We know there will be a resolution so we can endure the turmoil of our hero. The article also explains how our left brain processes all the data our brain receives:
“The brain takes information spewed out from other areas of the brain, the body and the environment, and synthesizes it into a story. If there is not an obvious explanation, we fabricate one.”
That tells me if we do not give our jurors a reason for the action in a case (complainant in CSC lied because she was rejected, our client was afraid for his life so fired shots), they will make one up that might not be favorable to us in the end.

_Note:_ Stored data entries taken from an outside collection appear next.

lemma dist_gt_of_disjoint_cballs:
  fixes a b :: "'a::real_normed_vector"
  assumes "cball a \<rho> \<inter> cball b \<rho> = {}"
  shows "2 * \<rho> < dist a b"
proof (rule ccontr)
  assume "\<not> 2 * \<rho> < dist a b"
  then have "midpoint a b \<in> cball a \<rho> \<inter> cball b \<rho>" by (simp add: dist_midpoint)
  with assms show False by blast
qed

lemma three_separated_points_in_ball:
  fixes a b c :: "'a::real_inner"
  assumes "norm a < s" "norm b < s" "norm c < s" "0 \<le> d"
    and "d < dist a b" "d < dist b c" "d < dist c a"
  shows "d\<^sup>2 < 3 * s\<^sup>2"
proof -
  have "(dist a b)\<^sup>2 + (dist b c)\<^sup>2 + (dist c a)\<^sup>2 + (norm (a + b + c))\<^sup>2
      = 3 * ((norm a)\<^sup>2 + (norm b)\<^sup>2 + (norm c)\<^sup>2)"
    by (simp add: dist_norm power2_norm_eq_inner inner_diff_left inner_diff_right inner_add_left
        inner_add_right inner_commute algebra_simps)
  moreover have "d\<^sup>2 < (dist a b)\<^sup>2" "d\<^sup>2 < (dist b c)\<^sup>2" "d\<^sup>2 < (dist c a)\<^sup>2"
    using assms by (simp_all add: power_strict_mono)
  moreover have "(norm a)\<^sup>2 < s\<^sup>2" "(norm b)\<^sup>2 < s\<^sup>2" "(norm c)\<^sup>2 < s\<^sup>2"
    using assms by (simp_all add: power_strict_mono)
  ultimately show ?thesis by (smt (verit) zero_le_power2)
qed

lemma three_disjoint_cballs_meeting_ball:
  fixes c\<^sub>1 c\<^sub>2 c\<^sub>3 :: "'a::real_inner"
  assumes "cball c\<^sub>1 r\<^sub>1 \<inter> cball c\<^sub>2 r\<^sub>2 = {}" "cball c\<^sub>2 r\<^sub>2 \<inter> cball c\<^sub>3 r\<^sub>3 = {}"
    "cball c\<^sub>3 r\<^sub>3 \<inter> cball c\<^sub>1 r\<^sub>1 = {}"
    and "0 < \<rho>" "\<rho> \<le> r\<^sub>1" "\<rho> \<le> r\<^sub>2" "\<rho> \<le> r\<^sub>3"
    and "cball c\<^sub>1 r\<^sub>1 \<inter> ball 0 R \<noteq> {}" "cball c\<^sub>2 r\<^sub>2 \<inter> ball 0 R \<noteq> {}"
    "cball c\<^sub>3 r\<^sub>3 \<inter> ball 0 R \<noteq> {}"
  shows "\<rho> < 13 * R"
proof -
  have "\<exists>a. cball a \<rho> \<subseteq> cball c r \<and> norm a < \<rho> + R"
    if meets: "cball c r \<inter> ball 0 R \<noteq> {}" and "\<rho> \<le> r" for c r
  proof -
    obtain y where y: "y \<in> cball c r" "y \<in> ball 0 R" using meets by blast
    obtain a where "cball a \<rho> \<subseteq> cball c r" "dist y a \<le> \<rho>"
      using cball_subset_cball_through[OF y(1) \<open>0 < \<rho>\<close> \<open>\<rho> \<le> r\<close>] .
    moreover have "norm a \<le> norm y + dist y a"
      using norm_triangle_ineq[of y "a - y"] by (simp add: dist_norm norm_minus_commute)
    ultimately show ?thesis using y(2) by force
  qed
  then obtain a b c where
    "cball a \<rho> \<subseteq> cball c\<^sub>1 r\<^sub>1" "norm a < \<rho> + R"
    "cball b \<rho> \<subseteq> cball c\<^sub>2 r\<^sub>2" "norm b < \<rho> + R"
    "cball c \<rho> \<subseteq> cball c\<^sub>3 r\<^sub>3" "norm c < \<rho> + R"
    using assms by metis
  with assms(1-3) have "2 * \<rho> < dist a b" "2 * \<rho> < dist b c" "2 * \<rho> < dist c a"
    by (intro dist_gt_of_disjoint_cballs; blast)+
  with \<open>norm a < \<rho> + R\<close> \<open>norm b < \<rho> + R\<close> \<open>norm c < \<rho> + R\<close> \<open>0 < \<rho>\<close>
  have sq: "(2 * \<rho>)\<^sup>2 < 3 * (\<rho> + R)\<^sup>2" by (intro three_separated_points_in_ball) auto
  have "0 < \<rho> + R" using \<open>norm a < \<rho> + R\<close> norm_ge_zero[of a] by linarith
  show ?thesis
  proof (rule ccontr)
    assume "\<not> \<rho> < 13 * R"
    then have "(\<rho> + R)\<^sup>2 \<le> (14 / 13 * \<rho>)\<^sup>2" using \<open>0 < \<rho> + R\<close> by (intro power_mono) auto
    moreover have "(2 * \<rho>)\<^sup>2 = 4 * \<rho>\<^sup>2" "(14 / 13 * \<rho>)\<^sup>2 = 196 / 169 * \<rho>\<^sup>2"
      by (simp_all add: power2_eq_square)
    moreover have "0 < \<rho>\<^sup>2" using \<open>0 < \<rho>\<close> by simp
    ultimately show False using sq by linarith
  qed
qed
lemma below_heights_lower:
  assumes "\<And>j. u j \<le> zeta n lam j"
  shows "below_heights n lam l u \<union> picked n lam T l u = below_heights n lam l (lower n lam T l u)"
proof -
  have "(j, i) \<in> below_heights n lam l (lower n lam T l u) \<longleftrightarrow>
      (j, i) \<in> below_heights n lam l u \<or> (j, i) \<in> picked n lam T l u" for j i
  proof (cases "(j, u j) \<in> picked n lam T l u")
    case True
    then have "l \<le> j" "j \<le> lam 1" "1 \<le> u j"
      using picked_memD by blast+
    moreover have "(j, i) \<in> picked n lam T l u \<longleftrightarrow> i = u j"
      using True picked_memD[of j i n lam T l u] by blast
    ultimately show ?thesis
      using True assms[of j] unfolding below_heights_def lower_def by auto
  next
    case False
    then have "(j, i) \<notin> picked n lam T l u"
      using picked_memD[of j i n lam T l u] by blast
    then show ?thesis
      using False unfolding below_heights_def lower_def by auto
  qed
  then show ?thesis by auto
qed

lemma marked_eq_below_heights:
  "1 \<le> l \<Longrightarrow> marked n lam T l t = below_heights n lam l (heights n lam T l t)"
proof (induction t)
  case 0
  then show ?case unfolding below_heights_def by auto
next
  case (Suc t)
  then show ?case
    using scan_step_below_heights below_heights_lower heights_le_zeta by simp
qed

lemma lower_first:
  assumes "l \<le> lam 1"
  shows "lower n lam T l u l = u l - 1"
proof (cases "1 \<le> u l")
  case True
  have "[l..<lam 1 + 1] = l # [Suc l..<lam 1 + 1]"
    using assms upt_conv_Cons by simp
  then have "hd (bottom_seq n lam T l u) = ((l, u l), T l (u l))" "bottom_seq n lam T l u \<noteq> []"
    unfolding bottom_seq_def using True by simp_all
  then have "((l, u l), T l (u l)) \<in> set (ewis (bottom_seq n lam T l u))"
    by (metis ewis.simps(2) list.collapse list.set_intros(1))
  then show ?thesis unfolding lower_def picked_iff by simp
qed (simp add: lower_def)

lemma lower_ge: "u j - 1 \<le> lower n lam T l u j"
  unfolding lower_def by simp

text \<open>Two neighbouring columns of equal height have weakly increasing bottom entries, so the
  earliest weakly increasing subsequence cannot pick the left one and skip the right one.\<close>
lemma lower_Suc_le:
  assumes tab: "is_tableau n lam T" and "1 \<le> l" "\<And>j. u j \<le> zeta n lam j"
    and j: "l \<le> j" "j < lam 1" and "u (Suc j) \<le> u j"
  shows "lower n lam T l u (Suc j) \<le> lower n lam T l u j"
proof -
  let ?f = "\<lambda>j. ((j, u j), T j (u j))" and ?P = "\<lambda>j. 1 \<le> u j"
  consider "u (Suc j) < u j" | "(j, u j) \<notin> picked n lam T l u"
    | "u (Suc j) = u j" "(j, u j) \<in> picked n lam T l u"
    using assms(6) by linarith
  then show ?thesis
  proof cases
    case 1
    then show ?thesis using lower_le[of n lam T l u "Suc j"] lower_ge[of u j n lam T l] by linarith
  next
    case 2
    then show ?thesis using lower_le[of n lam T l u "Suc j"] assms(6) by (simp add: lower_def)
  next
    case 3
    then have "?P j" "?P (Suc j)" using picked_memD by simp_all
    have "[l..<lam 1 + 1] = [l..<j] @ j # Suc j # [Suc (Suc j)..<lam 1 + 1]"
      using j upt_add_eq_append[of l j "lam 1 + 1 - j"] upt_conv_Cons by simp
    then have seq: "bottom_seq n lam T l u
        = map ?f (filter ?P [l..<j]) @ ?f j # ?f (Suc j) # map ?f (filter ?P [Suc (Suc j)..<lam 1 + 1])"
      unfolding bottom_seq_def using \<open>?P j\<close> \<open>?P (Suc j)\<close> by simp
    have "is_box n lam j (u j)" "is_box n lam (Suc j) (u j)"
      unfolding is_box_def using assms(2) assms(3)[of j] assms(3)[of "Suc j"] j 3(1) \<open>?P j\<close>
      by auto
    then have "snd (?f j) \<le> snd (?f (Suc j))"
      using tableau_row_mono[OF tab] 3(1) by simp
    then have "?f (Suc j) \<in> set (ewis (bottom_seq n lam T l u))"
      using ewis_from_adjacent[of "map ?f (filter ?P [l..<j])" "?f j" "?f (Suc j)"]
        distinct_bottom_seq[of n lam T l u] 3(2)
      unfolding picked_iff ewis_eq_ewis_from seq by simp
    then show ?thesis
      using 3 unfolding lower_def picked_iff by simp
  qed
qed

No doubt that Ms. Carpenter is correct in her analysis of this Psychology Today article. Here is how the author Mr. Peter Guber, succinctly explains the importance of the story:
They are the most effective form of human communication, more powerful than any other way of packaging information. And telling purposeful stories is certainly the most efficient means of persuasion in everyday life, the most effective way of translating ideas into action, whether you’re green-lighting a $90 million film project, motivating employees to meet an important deadline, or getting your kids through a crisis.
Furthermore:
Stories, on the other hand (as opposed to PowerPoint presentations), are state-of-the-heart technology—they connect us to others. They provide emotional transportation, moving people to take action on your cause because they can very quickly come to psychologically identify with the characters in a narrative or share an experience—courtesy of the images evoked in the telling.
As Ms. Carpenter and Mr. Guber have correctly observed and carefully stated, a well-executed trial is always a form of “human communication;” and when the trial successfully incorporates a “purposeful story” it can be a most efficient way to persuade the jury to return a not-guilty verdict.